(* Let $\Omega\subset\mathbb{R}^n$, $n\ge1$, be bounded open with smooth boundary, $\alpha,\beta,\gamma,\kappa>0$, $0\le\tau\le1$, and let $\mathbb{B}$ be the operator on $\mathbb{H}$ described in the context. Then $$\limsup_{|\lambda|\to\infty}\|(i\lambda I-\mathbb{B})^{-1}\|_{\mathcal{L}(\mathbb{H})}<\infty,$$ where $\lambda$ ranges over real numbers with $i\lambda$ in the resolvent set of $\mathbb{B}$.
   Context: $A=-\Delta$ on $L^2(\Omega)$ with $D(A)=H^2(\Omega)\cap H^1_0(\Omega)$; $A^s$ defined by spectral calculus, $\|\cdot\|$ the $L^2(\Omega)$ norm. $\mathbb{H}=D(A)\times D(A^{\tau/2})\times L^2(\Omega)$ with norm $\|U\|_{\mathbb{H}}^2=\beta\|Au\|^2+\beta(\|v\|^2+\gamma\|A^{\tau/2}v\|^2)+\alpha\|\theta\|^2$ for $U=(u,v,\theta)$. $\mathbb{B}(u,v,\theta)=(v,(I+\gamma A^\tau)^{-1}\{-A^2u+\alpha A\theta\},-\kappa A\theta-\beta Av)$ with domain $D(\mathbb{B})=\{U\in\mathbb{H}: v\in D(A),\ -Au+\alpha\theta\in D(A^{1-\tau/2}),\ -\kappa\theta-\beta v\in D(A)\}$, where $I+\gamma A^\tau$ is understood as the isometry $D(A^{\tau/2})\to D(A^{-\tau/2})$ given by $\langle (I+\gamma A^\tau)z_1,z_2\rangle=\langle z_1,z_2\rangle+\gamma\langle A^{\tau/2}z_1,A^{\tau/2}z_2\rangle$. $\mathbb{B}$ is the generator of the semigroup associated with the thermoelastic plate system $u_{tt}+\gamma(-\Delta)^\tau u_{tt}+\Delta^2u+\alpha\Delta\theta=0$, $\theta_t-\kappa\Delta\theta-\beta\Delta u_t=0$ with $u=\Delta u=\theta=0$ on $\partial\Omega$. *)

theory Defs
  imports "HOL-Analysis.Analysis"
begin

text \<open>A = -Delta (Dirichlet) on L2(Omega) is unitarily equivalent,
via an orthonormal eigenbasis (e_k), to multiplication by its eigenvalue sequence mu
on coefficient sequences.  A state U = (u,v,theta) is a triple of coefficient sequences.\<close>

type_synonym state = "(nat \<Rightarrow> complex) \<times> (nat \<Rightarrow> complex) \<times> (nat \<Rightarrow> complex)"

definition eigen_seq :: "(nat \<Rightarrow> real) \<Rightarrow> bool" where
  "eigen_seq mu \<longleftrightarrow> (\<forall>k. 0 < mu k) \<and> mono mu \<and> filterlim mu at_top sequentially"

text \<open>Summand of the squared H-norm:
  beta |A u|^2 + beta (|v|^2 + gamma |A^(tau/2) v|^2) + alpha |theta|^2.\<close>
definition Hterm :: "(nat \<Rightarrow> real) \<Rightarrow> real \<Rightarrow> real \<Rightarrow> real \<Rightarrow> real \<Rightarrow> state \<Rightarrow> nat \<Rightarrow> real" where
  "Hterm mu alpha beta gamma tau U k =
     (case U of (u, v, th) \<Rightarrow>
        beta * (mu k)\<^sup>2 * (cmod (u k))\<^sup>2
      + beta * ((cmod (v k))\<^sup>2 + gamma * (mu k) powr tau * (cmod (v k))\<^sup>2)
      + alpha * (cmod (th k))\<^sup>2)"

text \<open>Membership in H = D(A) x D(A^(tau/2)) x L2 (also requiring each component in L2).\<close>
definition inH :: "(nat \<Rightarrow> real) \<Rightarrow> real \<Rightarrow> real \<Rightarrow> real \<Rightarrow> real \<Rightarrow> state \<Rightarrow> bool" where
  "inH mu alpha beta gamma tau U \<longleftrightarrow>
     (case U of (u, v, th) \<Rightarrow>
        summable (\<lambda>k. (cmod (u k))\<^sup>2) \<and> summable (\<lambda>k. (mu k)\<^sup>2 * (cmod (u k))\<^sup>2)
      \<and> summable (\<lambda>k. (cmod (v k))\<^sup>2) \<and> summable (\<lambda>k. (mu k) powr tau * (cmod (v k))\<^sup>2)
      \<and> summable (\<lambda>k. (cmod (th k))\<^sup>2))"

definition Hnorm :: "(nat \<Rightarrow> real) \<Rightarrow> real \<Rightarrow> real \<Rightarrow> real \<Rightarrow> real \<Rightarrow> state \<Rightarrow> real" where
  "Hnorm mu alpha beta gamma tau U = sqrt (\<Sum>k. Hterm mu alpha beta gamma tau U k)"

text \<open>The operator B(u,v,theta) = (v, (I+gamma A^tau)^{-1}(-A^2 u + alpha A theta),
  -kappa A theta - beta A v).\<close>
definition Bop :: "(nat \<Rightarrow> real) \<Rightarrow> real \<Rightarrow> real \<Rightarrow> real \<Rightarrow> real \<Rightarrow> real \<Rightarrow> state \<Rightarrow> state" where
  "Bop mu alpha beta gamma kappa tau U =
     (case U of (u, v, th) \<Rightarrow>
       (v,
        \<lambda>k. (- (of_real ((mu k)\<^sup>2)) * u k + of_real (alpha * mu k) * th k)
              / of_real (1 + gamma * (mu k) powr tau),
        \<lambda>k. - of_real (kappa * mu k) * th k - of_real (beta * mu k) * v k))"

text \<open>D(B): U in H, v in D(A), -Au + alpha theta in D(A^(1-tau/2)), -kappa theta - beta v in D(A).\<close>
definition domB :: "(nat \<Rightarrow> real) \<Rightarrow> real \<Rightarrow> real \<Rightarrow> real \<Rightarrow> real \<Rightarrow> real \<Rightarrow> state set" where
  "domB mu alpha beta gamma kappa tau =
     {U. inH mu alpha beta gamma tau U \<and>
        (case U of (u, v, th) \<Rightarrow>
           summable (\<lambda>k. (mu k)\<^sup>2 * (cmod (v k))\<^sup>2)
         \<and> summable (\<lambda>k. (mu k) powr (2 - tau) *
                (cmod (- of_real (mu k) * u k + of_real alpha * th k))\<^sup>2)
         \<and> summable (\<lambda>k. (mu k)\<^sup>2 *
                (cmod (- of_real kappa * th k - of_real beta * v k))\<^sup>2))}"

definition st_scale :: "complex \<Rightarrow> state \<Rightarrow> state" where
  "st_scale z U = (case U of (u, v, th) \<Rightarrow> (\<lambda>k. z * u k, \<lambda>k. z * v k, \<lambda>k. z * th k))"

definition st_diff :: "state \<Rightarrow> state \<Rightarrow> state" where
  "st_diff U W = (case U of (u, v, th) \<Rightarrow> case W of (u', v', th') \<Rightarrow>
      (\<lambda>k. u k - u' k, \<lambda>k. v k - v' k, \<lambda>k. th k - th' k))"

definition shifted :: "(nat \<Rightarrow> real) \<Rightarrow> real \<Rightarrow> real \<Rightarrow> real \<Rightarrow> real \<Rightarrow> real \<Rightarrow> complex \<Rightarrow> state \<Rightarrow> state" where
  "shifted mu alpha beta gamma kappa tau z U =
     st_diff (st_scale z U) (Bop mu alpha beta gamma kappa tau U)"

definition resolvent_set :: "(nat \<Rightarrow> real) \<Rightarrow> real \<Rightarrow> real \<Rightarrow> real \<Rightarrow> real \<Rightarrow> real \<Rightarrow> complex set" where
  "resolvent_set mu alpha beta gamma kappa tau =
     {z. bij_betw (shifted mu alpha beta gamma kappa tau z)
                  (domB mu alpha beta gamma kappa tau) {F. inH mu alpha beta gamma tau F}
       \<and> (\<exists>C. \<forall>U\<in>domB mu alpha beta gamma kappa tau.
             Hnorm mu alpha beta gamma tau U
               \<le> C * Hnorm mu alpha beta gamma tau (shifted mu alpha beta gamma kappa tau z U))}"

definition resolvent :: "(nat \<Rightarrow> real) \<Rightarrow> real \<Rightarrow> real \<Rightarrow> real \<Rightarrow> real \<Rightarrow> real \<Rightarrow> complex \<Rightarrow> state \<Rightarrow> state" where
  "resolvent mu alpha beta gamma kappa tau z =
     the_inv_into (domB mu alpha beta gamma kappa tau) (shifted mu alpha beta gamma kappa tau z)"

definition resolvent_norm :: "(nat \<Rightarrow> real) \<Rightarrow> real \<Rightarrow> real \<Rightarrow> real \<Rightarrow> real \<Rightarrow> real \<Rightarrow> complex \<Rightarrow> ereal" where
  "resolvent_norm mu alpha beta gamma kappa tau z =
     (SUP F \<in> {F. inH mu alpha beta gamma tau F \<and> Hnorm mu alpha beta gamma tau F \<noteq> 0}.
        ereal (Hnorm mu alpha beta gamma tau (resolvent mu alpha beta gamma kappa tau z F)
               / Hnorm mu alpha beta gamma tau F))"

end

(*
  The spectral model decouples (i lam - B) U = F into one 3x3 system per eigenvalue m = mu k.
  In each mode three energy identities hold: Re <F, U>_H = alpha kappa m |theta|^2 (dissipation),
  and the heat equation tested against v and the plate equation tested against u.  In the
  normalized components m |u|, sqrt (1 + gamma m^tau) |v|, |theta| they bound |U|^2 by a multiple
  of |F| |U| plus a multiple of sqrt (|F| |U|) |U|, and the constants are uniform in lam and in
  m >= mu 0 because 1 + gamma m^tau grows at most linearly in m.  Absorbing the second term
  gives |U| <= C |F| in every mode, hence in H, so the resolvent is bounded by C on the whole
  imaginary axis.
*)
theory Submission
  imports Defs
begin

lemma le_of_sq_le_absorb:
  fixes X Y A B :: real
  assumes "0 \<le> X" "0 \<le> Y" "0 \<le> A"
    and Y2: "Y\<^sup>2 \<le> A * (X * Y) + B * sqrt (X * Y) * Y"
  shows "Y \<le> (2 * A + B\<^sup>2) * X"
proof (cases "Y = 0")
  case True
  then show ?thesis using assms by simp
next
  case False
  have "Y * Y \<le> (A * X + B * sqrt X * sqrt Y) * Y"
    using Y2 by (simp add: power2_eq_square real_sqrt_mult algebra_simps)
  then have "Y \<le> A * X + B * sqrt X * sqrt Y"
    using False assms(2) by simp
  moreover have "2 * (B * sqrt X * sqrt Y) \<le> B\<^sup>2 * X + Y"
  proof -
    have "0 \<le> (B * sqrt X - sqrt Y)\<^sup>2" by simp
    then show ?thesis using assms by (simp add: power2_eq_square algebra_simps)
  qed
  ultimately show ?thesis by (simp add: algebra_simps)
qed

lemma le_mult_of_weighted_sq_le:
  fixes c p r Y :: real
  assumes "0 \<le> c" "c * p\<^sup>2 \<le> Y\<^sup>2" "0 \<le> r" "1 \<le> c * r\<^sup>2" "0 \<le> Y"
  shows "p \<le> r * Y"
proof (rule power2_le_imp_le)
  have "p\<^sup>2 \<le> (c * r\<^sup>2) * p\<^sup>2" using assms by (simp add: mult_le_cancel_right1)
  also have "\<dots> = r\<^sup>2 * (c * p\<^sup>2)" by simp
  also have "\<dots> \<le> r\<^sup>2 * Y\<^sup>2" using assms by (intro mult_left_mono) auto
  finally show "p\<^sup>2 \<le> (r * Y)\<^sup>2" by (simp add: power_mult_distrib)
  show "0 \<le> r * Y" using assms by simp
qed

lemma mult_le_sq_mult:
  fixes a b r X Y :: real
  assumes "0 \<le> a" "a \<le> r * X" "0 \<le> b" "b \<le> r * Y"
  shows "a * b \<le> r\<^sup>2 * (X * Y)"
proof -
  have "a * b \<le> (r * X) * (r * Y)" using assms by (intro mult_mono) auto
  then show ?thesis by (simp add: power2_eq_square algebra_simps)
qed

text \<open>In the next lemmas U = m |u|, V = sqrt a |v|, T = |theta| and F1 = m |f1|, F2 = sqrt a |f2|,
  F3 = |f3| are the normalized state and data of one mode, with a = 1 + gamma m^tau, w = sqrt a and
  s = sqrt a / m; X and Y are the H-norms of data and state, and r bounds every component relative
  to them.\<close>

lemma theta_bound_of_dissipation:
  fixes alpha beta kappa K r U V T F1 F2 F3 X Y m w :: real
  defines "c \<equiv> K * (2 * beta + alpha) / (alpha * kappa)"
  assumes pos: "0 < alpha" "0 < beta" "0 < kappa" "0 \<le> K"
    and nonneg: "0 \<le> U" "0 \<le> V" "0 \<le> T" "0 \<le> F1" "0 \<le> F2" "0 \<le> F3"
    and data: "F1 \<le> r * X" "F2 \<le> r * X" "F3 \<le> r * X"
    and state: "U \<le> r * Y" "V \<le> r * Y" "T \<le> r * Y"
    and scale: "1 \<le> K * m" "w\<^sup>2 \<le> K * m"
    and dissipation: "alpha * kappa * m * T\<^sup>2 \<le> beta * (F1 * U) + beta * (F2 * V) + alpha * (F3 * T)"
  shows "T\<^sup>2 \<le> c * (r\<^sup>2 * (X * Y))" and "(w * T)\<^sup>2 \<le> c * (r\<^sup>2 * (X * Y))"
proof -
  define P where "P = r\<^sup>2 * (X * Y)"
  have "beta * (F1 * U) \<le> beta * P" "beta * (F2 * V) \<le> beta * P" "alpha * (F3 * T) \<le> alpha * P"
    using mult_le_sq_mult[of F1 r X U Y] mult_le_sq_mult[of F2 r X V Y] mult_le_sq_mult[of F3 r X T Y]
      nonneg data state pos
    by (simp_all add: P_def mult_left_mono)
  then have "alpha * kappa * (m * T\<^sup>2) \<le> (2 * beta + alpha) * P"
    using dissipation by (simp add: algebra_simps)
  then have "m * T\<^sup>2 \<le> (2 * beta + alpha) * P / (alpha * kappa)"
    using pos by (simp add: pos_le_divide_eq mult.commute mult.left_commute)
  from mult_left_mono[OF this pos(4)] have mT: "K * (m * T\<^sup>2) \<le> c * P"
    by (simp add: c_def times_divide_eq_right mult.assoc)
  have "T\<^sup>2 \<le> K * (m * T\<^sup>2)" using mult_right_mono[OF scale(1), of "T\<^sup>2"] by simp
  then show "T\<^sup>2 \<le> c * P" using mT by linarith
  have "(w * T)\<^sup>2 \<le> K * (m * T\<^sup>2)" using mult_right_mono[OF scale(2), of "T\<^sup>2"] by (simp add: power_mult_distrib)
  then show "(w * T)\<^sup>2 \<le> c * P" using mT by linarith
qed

::::::::

#### WHAT THIS TASK INVOLVES:
Reproduce the lines above, beginning at the line with "of_real (1 +" and stopping after the line with "gamma tau (shifted", exactly as they are.

#### RESULT OF THIS TASK:
              / of_real (1 + gamma * (mu k) powr tau),
        \<lambda>k. - of_real (kappa * mu k) * th k - of_real (beta * mu k) * v k))"

text \<open>D(B): U in H, v in D(A), -Au + alpha theta in D(A^(1-tau/2)), -kappa theta - beta v in D(A).\<close>
definition domB :: "(nat \<Rightarrow> real) \<Rightarrow> real \<Rightarrow> real \<Rightarrow> real \<Rightarrow> real \<Rightarrow> real \<Rightarrow> state set" where
  "domB mu alpha beta gamma kappa tau =
     {U. inH mu alpha beta gamma tau U \<and>
        (case U of (u, v, th) \<Rightarrow>
           summable (\<lambda>k. (mu k)\<^sup>2 * (cmod (v k))\<^sup>2)
         \<and> summable (\<lambda>k. (mu k) powr (2 - tau) *
                (cmod (- of_real (mu k) * u k + of_real alpha * th k))\<^sup>2)
         \<and> summable (\<lambda>k. (mu k)\<^sup>2 *
                (cmod (- of_real kappa * th k - of_real beta * v k))\<^sup>2))}"

definition st_scale :: "complex \<Rightarrow> state \<Rightarrow> state" where
  "st_scale z U = (case U of (u, v, th) \<Rightarrow> (\<lambda>k. z * u k, \<lambda>k. z * v k, \<lambda>k. z * th k))"

definition st_diff :: "state \<Rightarrow> state \<Rightarrow> state" where
  "st_diff U W = (case U of (u, v, th) \<Rightarrow> case W of (u', v', th') \<Rightarrow>
      (\<lambda>k. u k - u' k, \<lambda>k. v k - v' k, \<lambda>k. th k - th' k))"

definition shifted :: "(nat \<Rightarrow> real) \<Rightarrow> real \<Rightarrow> real \<Rightarrow> real \<Rightarrow> real \<Rightarrow> real \<Rightarrow> complex \<Rightarrow> state \<Rightarrow> state" where
  "shifted mu alpha beta gamma kappa tau z U =
     st_diff (st_scale z U) (Bop mu alpha beta gamma kappa tau U)"

definition resolvent_set :: "(nat \<Rightarrow> real) \<Rightarrow> real \<Rightarrow> real \<Rightarrow> real \<Rightarrow> real \<Rightarrow> real \<Rightarrow> complex set" where
  "resolvent_set mu alpha beta gamma kappa tau =
     {z. bij_betw (shifted mu alpha beta gamma kappa tau z)
                  (domB mu alpha beta gamma kappa tau) {F. inH mu alpha beta gamma tau F}
       \<and> (\<exists>C. \<forall>U\<in>domB mu alpha beta gamma kappa tau.
             Hnorm mu alpha beta gamma tau U
               \<le> C * Hnorm mu alpha beta gamma tau (shifted mu alpha beta gamma kappa tau z U))}"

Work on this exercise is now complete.